I did, I do. But I also never go back and never invite the nightmare in. I chose my heart, my simple and yet unpredictable life. I choose my true lover, the invisible one. Loving God, will take away your human personality, attachments, names, faces, belonging, fake friendships and connections.. Loving God, carves you, to your bones, until nothing is left, but truth. Devotion to mighty one is a priceless gift that no one really knows about it, until, you loss everything.. You realize nothing was yours to even begin with.

I am embracing 2017, from at the other side my life, Heaven, I arrived safe and free.

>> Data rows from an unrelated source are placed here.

(* Let $B=(A,\mathcal R)$ be a blueprint, $\sim$ a congruence on $B$, and $i:B\to B_{\mathbb Z}$ the canonical map. Then $$I_{\mathbb Z}(\sim)=\Big\{\textstyle\sum_k i(c_k)-\sum_k i(d_k)\ :\ c_k,d_k\in B,\ c_k\sim d_k\text{ for all }k\Big\}$$ is an ideal of the ring $B_{\mathbb Z}$, and $(B/\sim)_{\mathbb Z}\cong B_{\mathbb Z}/I_{\mathbb Z}(\sim)$ canonically (compatibly with the maps from $\mathbb Z[A]$). If $\sim=\sim_I$ for an ideal $I$ of $B$, then $$I_{\mathbb Z}(\sim_I)=\Big\{\textstyle\sum_k i(c_k)-\sum_k i(d_k)\ :\ c_k,d_k\in I\Big\}.$$
   Context: A monoid is a commutative semigroup $A$, written multiplicatively, with neutral element $1$. For a monoid $A$, $\mathbb N[A]$ denotes the semiring of finite formal sums $\sum a_i$ of elements $a_i\in A$ (repetitions allowed), with empty sum $\underline0$ and multiplication extended bilinearly from $A$. A pre-addition on $A$ is a relation $\mathcal R\subseteq\mathbb N[A]\times\mathbb N[A]$, written $\sum a_i\equiv\sum b_j$, which is an equivalence relation and satisfies: if $\sum a_i\equiv\sum b_j$ and $\sum c_k\equiv\sum d_l$, then $\sum a_i+\sum c_k\equiv\sum b_j+\sum d_l$ and $\sum_{i,k}a_ic_k\equiv\sum_{j,l}b_jd_l$. A blueprint $B=(A,\mathcal R)$ is a monoid $A$ with a pre-addition $\mathcal R$; we write $a\in B$ for $a\in A$. An element $e$ with $e\equiv\underline0$ is a zero of $B$. $B_{\mathbb Z}$ is the ring $\mathbb Z[A]/\mathcal I(\mathcal R)$, where $\mathbb Z[A]$ is the monoid ring and $\mathcal I(\mathcal R)=\{\sum a_i-\sum b_j:\sum a_i\equiv\sum b_j\}$ (an ideal); $i:B\to B_{\mathbb Z}$ is induced by $A\to\mathbb Z[A]$. For an equivalence relation $\sim$ on $A$, its linear extension $\sim_{\mathbb N}$ is the equivalence relation on $\mathbb N[A]$ generated by $\sum_{i=1}^n a_i\sim_{\mathbb N}\sum_{i=1}^n b_i$ whenever $a_i\sim b_i$ for all $i$; $\sim_{\mathcal R}$ is the smallest equivalence relation on $\mathbb N[A]$ containing $\mathcal R$ and $\sim_{\mathbb N}$. A congruence on $B$ is an equivalence relation $\sim$ on $A$ such that (C1) $\sim_{\mathbb N}$ is a pre-addition on $A$, and (C2) the restriction of $\sim_{\mathcal R}$ to $A$ equals $\sim$. The quotient $B/\sim$ has monoid $A/\sim$ and the smallest pre-addition containing all $\sum[a_i]\equiv\sum[b_j]$ with $\sum a_i\equiv\sum b_j$ in $B$. For a subset $I\subseteq B$, $a\sim^I b$ iff $a=b$ or $a,b\in I$; and $a\sim_I b$ iff there is a finite sequence $a\equiv\sum_k c_{1,k}\sim^I_{\mathbb N}\sum_k d_{1,k}\equiv\cdots\sim^I_{\mathbb N}\sum_k d_{n,k}\equiv b$ with $c_{i,k},d_{i,k}\in A$. An ideal of $B$ is a subset $I$ with (I1) $IB\subseteq I$; (I2) every zero of $B$ lies in $I$; (I3) if $a\sim_I b$ and $b\in I$ then $a\in I$. For an ideal $I$ containing all absorbing elements (elements $e$ with $eb\equiv e$ for all $b$), $\sim_I$ is a congruence. *)

theory Defs
  imports "HOL-Library.Multiset" "HOL-Algebra.Algebra"
begin
lemma relcomp_eq_image_chains: "M1 O M2 = (\<lambda>(p, q). (fst p, snd q)) ` chains M1 M2"
proof (intro equalityI subsetI)
  fix r assume "r \<in> M1 O M2"
  then obtain U V W where "r = (U, W)" "(U, V) \<in> M1" "(V, W) \<in> M2" by blast
  then have "((U, V), (V, W)) \<in> chains M1 M2" "r = (\<lambda>(p, q). (fst p, snd q)) ((U, V), (V, W))"
    unfolding chains_def by simp_all
  then show "r \<in> (\<lambda>(p, q). (fst p, snd q)) ` chains M1 M2" by blast
next
  fix r assume "r \<in> (\<lambda>(p, q). (fst p, snd q)) ` chains M1 M2"
  then obtain p q where "p \<in> M1" "q \<in> M2" "snd p = fst q" "r = (fst p, snd q)"
    unfolding chains_def by auto
  then show "r \<in> M1 O M2" by (metis prod.collapse relcompI)
qed

lemma inj_on_chains:
  assumes IPb: "is_IP Lb \<beta>" and IPg: "is_IP Lg \<gamma>"
    and M1: "matching \<beta> \<gamma> M1" and M2: "matching \<gamma> \<delta> M2"
  shows "inj_on fst (chains M1 M2)" "inj_on snd (chains M1 M2)"
    and "inj_on (\<lambda>(p, q). (fst p, snd q)) (chains M1 M2)"
proof -
  have inj1: "inj_on fst M1" by (rule matching_inj_fst[OF IPb M1])
  have inj2: "inj_on snd M1" by (rule matching_inj_snd[OF IPg M1])
  have inj3: "inj_on fst M2" by (rule matching_inj_fst[OF IPg M2])
  have same_q: "q = q'" if "(p, q) \<in> chains M1 M2" "(p', q') \<in> chains M1 M2" "p = p'" for p q p' q'
    using that inj_onD[OF inj3] unfolding chains_def by auto
  show "inj_on fst (chains M1 M2)"
    by (rule inj_onI) (metis prod.collapse same_q)
  show "inj_on snd (chains M1 M2)"
    by (rule inj_onI) (use inj_onD[OF inj2] in \<open>auto simp: chains_def\<close>)
  show "inj_on (\<lambda>(p, q). (fst p, snd q)) (chains M1 M2)"
  proof (rule inj_onI)
    fix x y assume xy: "x \<in> chains M1 M2" "y \<in> chains M1 M2"
      "(\<lambda>(p, q). (fst p, snd q)) x = (\<lambda>(p, q). (fst p, snd q)) y"
    obtain p q p' q' where x: "x = (p, q)" and y: "y = (p', q')" by (cases x, cases y)
    have "p \<in> M1" "p' \<in> M1" using xy(1,2) unfolding x y chains_def by auto
    then have "p = p'" using inj_onD[OF inj1, of p p'] xy(3) unfolding x y by simp
    then show "x = y" using same_q xy(1,2) unfolding x y by blast
  qed
qed

lemma sum_Leb_unchained_le:
  assumes IPg: "is_IP Lg \<gamma>" and M1: "matching \<beta> \<gamma> M1" and M2: "matching \<gamma> \<delta> M2"
  shows "(\<Sum>p\<in>{p \<in> M1. snd p \<notin> fst ` M2}. Leb (snd p)) + (\<Sum>q\<in>M2. Leb (fst q)) \<le> Lg"
proof -
  define B where "B = {p \<in> M1. snd p \<notin> fst ` M2}"
  have "B \<subseteq> M1" "finite B" "finite M2" unfolding B_def using matchingD(1) M1 M2 by auto
  have "snd ` B \<inter> fst ` M2 = {}" unfolding B_def by blast
  moreover have "snd ` B \<subseteq> \<gamma>" "fst ` M2 \<subseteq> \<gamma>"
    using \<open>B \<subseteq> M1\<close> matchingD(2)[OF M1] matchingD(2)[OF M2] by auto
  ultimately have "sum Leb (snd ` B) + sum Leb (fst ` M2) \<le> Lg"
    using \<open>finite B\<close> \<open>finite M2\<close> by (intro sum_Leb_disjoint_le[OF IPg]) auto
  then show ?thesis
    using sum.reindex[OF inj_on_subset[OF matching_inj_snd[OF IPg M1] \<open>B \<subseteq> M1\<close>], of Leb]
      sum.reindex[OF matching_inj_fst[OF IPg M2], of Leb]
    unfolding B_def by simp
qed

lemma mass_defect_relcomp:
  assumes IPb: "is_IP Lb \<beta>" and IPg: "is_IP Lg \<gamma>"
    and M1: "matching \<beta> \<gamma> M1" and M2: "matching \<gamma> \<delta> M2"
  shows "mass_defect \<beta> (M1 O M2) \<le> mass_defect \<beta> M1 + mass_defect \<gamma> M2"
proof -
  define C where "C = chains M1 M2"
  define A where "A = fst ` C"
  define B where "B = {p \<in> M1. snd p \<notin> fst ` M2}"
  let ?d = "\<lambda>p. \<bar>Leb (fst p) - Leb (snd p)\<bar>"
  have fin: "finite M1" "finite M2" using matchingD(1) M1 M2 by blast+
  note inj_C = inj_on_chains[OF IPb IPg M1 M2, folded C_def]
  note relcomp_eq = relcomp_eq_image_chains[of M1 M2, folded C_def]
  have "length_defect (M1 O M2) \<le> (\<Sum>(p, q)\<in>C. ?d p + ?d q)"
    unfolding length_defect_def relcomp_eq sum.reindex[OF inj_C(3)]
    by (intro sum_mono) (auto simp: C_def chains_def)
  also have "\<dots> = length_defect A + length_defect (snd ` C)"
    unfolding length_defect_def A_def sum.reindex[OF inj_C(1)] sum.reindex[OF inj_C(2)]
    by (simp add: sum.distrib split_def)
  also have "length_defect (snd ` C) \<le> length_defect M2"
    unfolding length_defect_def using fin(2) by (intro sum_mono2) (auto simp: C_def chains_def)
  finally have LD: "length_defect (M1 O M2) \<le> length_defect A + length_defect M2" by simp
  have sum_fst: "(\<Sum>p\<in>M1 O M2. Leb (fst p)) = (\<Sum>p\<in>A. Leb (fst p))"
    unfolding relcomp_eq A_def sum.reindex[OF inj_C(3)] sum.reindex[OF inj_C(1)]
    by (simp add: split_def)
  have "A \<subseteq> M1" unfolding A_def C_def chains_def by auto
  moreover have "B = M1 - A" unfolding A_def B_def C_def chains_def by force
  ultimately have split_M1: "length_defect M1 = length_defect A + length_defect B"
    "(\<Sum>p\<in>M1. Leb (fst p)) = (\<Sum>p\<in>A. Leb (fst p)) + (\<Sum>p\<in>B. Leb (fst p))"
    unfolding length_defect_def \<open>B = M1 - A\<close>
    using sum.subset_diff[OF \<open>A \<subseteq> M1\<close> fin(1), of ?d] sum.subset_diff[OF \<open>A \<subseteq> M1\<close> fin(1), of "\<lambda>p. Leb (fst p)"]
    by linarith+
  have "(\<Sum>p\<in>B. Leb (fst p)) \<le> length_defect B + (\<Sum>p\<in>B. Leb (snd p))"
    unfolding length_defect_def sum.distrib[symmetric] by (intro sum_mono) linarith
  then show ?thesis
    using LD sum_fst split_M1 sum_Leb_unchained_le[OF IPg M1 M2] IPnorm_eq[OF IPg]
    unfolding mass_defect_def B_def by linarith
qed

lemma diversity_defect_relcomp:
  assumes "finite M1" "finite M2"
  shows "diversity_defect \<alpha> \<beta> \<delta> (M1 O M2) \<le> diversity_defect \<alpha> \<beta> \<gamma> M1 + diversity_defect \<alpha> \<gamma> \<delta> M2"
proof -
  have "\<bar>block_div \<alpha> \<beta> U - block_div \<alpha> \<delta> W\<bar> \<le> diversity_defect \<alpha> \<beta> \<gamma> M1 + diversity_defect \<alpha> \<gamma> \<delta> M2"
    if "(U, V) \<in> M1" "(V, W) \<in> M2" for U V W
    using diversity_defect_ge[OF assms(1) that(1), of \<alpha> \<beta> \<gamma>] diversity_defect_ge[OF assms(2) that(2), of \<alpha> \<gamma> \<delta>]
    by simp
  moreover have "0 \<le> diversity_defect \<alpha> \<beta> \<gamma> M1 + diversity_defect \<alpha> \<gamma> \<delta> M2"
    using diversity_defect_le_iff[OF assms(1), of \<alpha> \<beta> \<gamma>] diversity_defect_le_iff[OF assms(2), of \<alpha> \<gamma> \<delta>]
    by (meson add_nonneg_nonneg not_le order_refl)
  ultimately show ?thesis
    using finite_relcomp[OF assms] by (auto simp: diversity_defect_le_iff)
qed

lemma matching_distortion_relcomp:
  assumes IPb: "is_IP Lb \<beta>" and IPg: "is_IP Lg \<gamma>" and IPd: "is_IP Ld \<delta>"
    and M1: "matching \<beta> \<gamma> M1" and M2: "matching \<gamma> \<delta> M2"
  shows "matching_distortion \<alpha> \<beta> \<delta> (M1 O M2) \<le> matching_distortion \<alpha> \<beta> \<gamma> M1 + matching_distortion \<alpha> \<gamma> \<delta> M2"
proof -
  have "mass_defect \<beta> (M1 O M2) \<le> mass_defect \<beta> M1 + mass_defect \<gamma> M2"
    by (rule mass_defect_relcomp[OF IPb IPg M1 M2])
  moreover have "mass_defect \<delta> (converse (M1 O M2)) \<le> mass_defect \<delta> (converse M2) + mass_defect \<gamma> (converse M1)"
    unfolding converse_relcomp
    by (rule mass_defect_relcomp[OF IPd IPg matching_converse[OF M2] matching_converse[OF M1]])
  moreover have "diversity_defect \<alpha> \<beta> \<delta> (M1 O M2) \<le> diversity_defect \<alpha> \<beta> \<gamma> M1 + diversity_defect \<alpha> \<gamma> \<delta> M2"
    using matchingD(1) M1 M2 by (intro diversity_defect_relcomp)
  moreover have "\<bar>total_div \<alpha> \<beta> - total_div \<alpha> \<delta>\<bar> \<le> \<bar>total_div \<alpha> \<beta> - total_div \<alpha> \<gamma>\<bar> + \<bar>total_div \<alpha> \<gamma> - total_div \<alpha> \<delta>\<bar>"
    by linarith
  ultimately show ?thesis
    using matching_distortion_ge[where \<alpha>=\<alpha> and \<beta>=\<beta> and \<gamma>=\<gamma> and M=M1]
      matching_distortion_ge[where \<alpha>=\<alpha> and \<beta>=\<gamma> and \<gamma>=\<delta> and M=M2]
    unfolding matching_distortion_le_iff by linarith
qed

lemma d_alpha_triangle:
  assumes IPb: "is_IP Lb \<beta>" and IPg: "is_IP Lg \<gamma>" and IPd: "is_IP Ld \<delta>"
  shows "d_alpha \<alpha> \<beta> \<delta> \<le> d_alpha \<alpha> \<beta> \<gamma> + d_alpha \<alpha> \<gamma> \<delta>"
proof (rule field_le_epsilon)
  fix e :: real assume "0 < e"
  obtain M1 where M1: "matching \<beta> \<gamma> M1" "matching_distortion \<alpha> \<beta> \<gamma> M1 < d_alpha \<alpha> \<beta> \<gamma> + e/2"
    using d_alpha_less_imp_matching[OF IPb, of \<alpha> \<gamma> "d_alpha \<alpha> \<beta> \<gamma> + e/2"] \<open>0 < e\<close> by auto
  obtain M2 where M2: "matching \<gamma> \<delta> M2" "matching_distortion \<alpha> \<gamma> \<delta> M2 < d_alpha \<alpha> \<gamma> \<delta> + e/2"
    using d_alpha_less_imp_matching[OF IPg, of \<alpha> \<delta> "d_alpha \<alpha> \<gamma> \<delta> + e/2"] \<open>0 < e\<close> by auto
  have "d_alpha \<alpha> \<beta> \<delta> \<le> matching_distortion \<alpha> \<beta> \<delta> (M1 O M2)"
    by (rule d_alpha_le_matching_distortion[OF IPb matching_relcomp[OF IPg M1(1) M2(1)]])
  also have "\<dots> \<le> matching_distortion \<alpha> \<beta> \<gamma> M1 + matching_distortion \<alpha> \<gamma> \<delta> M2"
    by (rule matching_distortion_relcomp[OF IPb IPg IPd M1(1) M2(1)])
  finally show "d_alpha \<alpha> \<beta> \<delta> \<le> d_alpha \<alpha> \<beta> \<gamma> + d_alpha \<alpha> \<gamma> \<delta> + e"
    using M1(2) M2(2) by linarith
qed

I am saying Hello to the world and I am a true child of Sun, loving, dancing offering my life to the creator.

This year I no longer be anonymous, homeless and alone. I am standing in light and devotion to the creator of all,

Can you hear the voice of silence inside my words?

Can you see the dream of Heaven on earth, inside my heart?

I am here, outside of boundaries, limitation, fear, I am standing on Land of love…

Hello my children, Come home.

Serena Devi,

Larnaca, Cyprus 5 Jan 2017

 

Mystic diary -tea or coffee

​From Mystic diary – Tea or coffee
We awake to present moment and it feels it is gone or gets sour after an unpleasant taste of burnt toast or a hot tea. Something squeeze us from inside and there is nowhere to go and hide from the amonia smell in your nose, the ache in your heart, you ask yourself…

how can I get rid of this? 

How long more

When everything get back to normal?

This  pressured sense of knowing “nothing is normal, everything is normal”.

  All feelings are welcomed, like different titles of books on a shelf.  it is just this different tastes, sweet, bitter, salty and sometimes lifetime burnings. Romance, biography, history and self -helps. This awakening should have been over a long time ago, I had bookcases full of self-help books in my old flat!

We wake up and go back to sleep and again wake up and go back to sleep, one day, we wake up and toast doesn’t have a smell, good or bad, we wake up and decide to drink coffee instead of tea.

We wake up from tooth ache, heart ache and bad dreams. The feeling is inside us, it hurts us long enough, so we go and visit our dentist, it hurts deep enough, so we stop drinking one thing and replace it with a new drink. We awake to present moment through the window of experiences and life never close her windows. 

I woke to something yesterday, it is still hurting. I stopped the mind game but this run so deep, it is in the heart, the pain and the remedy. 

Life teaches us to let go, it is not about forgiving or forgetting the taste or the smell. 

It is about changing it to what makes you feel good, today, it might be a sweet taste of honey and tomorrow might be a hot curry!
Stop runaway from tastes and smells, stop controlling what to stay or go, just stop.

No need to tell yourself what tastes is good, or how your eggs should be made? Scramble or omelette ?! Present makes all your choices knowingly or not, you will experience everything from here to the next platform, the road is awakening and all you can do is to stay with moments. 
Time for morning something, coffee or juice, tea or a sense of self love!
If you listen, not in absent of words but in present of silence, you will hear what you want.
I did and today, all my feelings stretching into a new space, the window is open and I am about to go and make something! Knowing something and nothing are One. Only my choice in this moment makes this nothing into something.
Have a good day
Serena Devi

A bit longer

Let stay in this moment a bit longer,

Where you and I grow our new wings

And our hearts yield to colourful leaves of love.

Our lips touch silently under surface of night

We open the unknown door and enter a new world.

Our waves of joy arrive on pebbled shore

Ah, sweet moon, stars and the mystery of passing moment…

I am going home in this moment

A bit longer when I am in pain

A bit shorter when I love,

In depth of this moment

I engage with aloneness

I engage with aliveness

Circling in wilderness of my heart

Everytime my eyes meet yours

Nightingale sings and moon smiles.
Let stay in this moment a bit longer.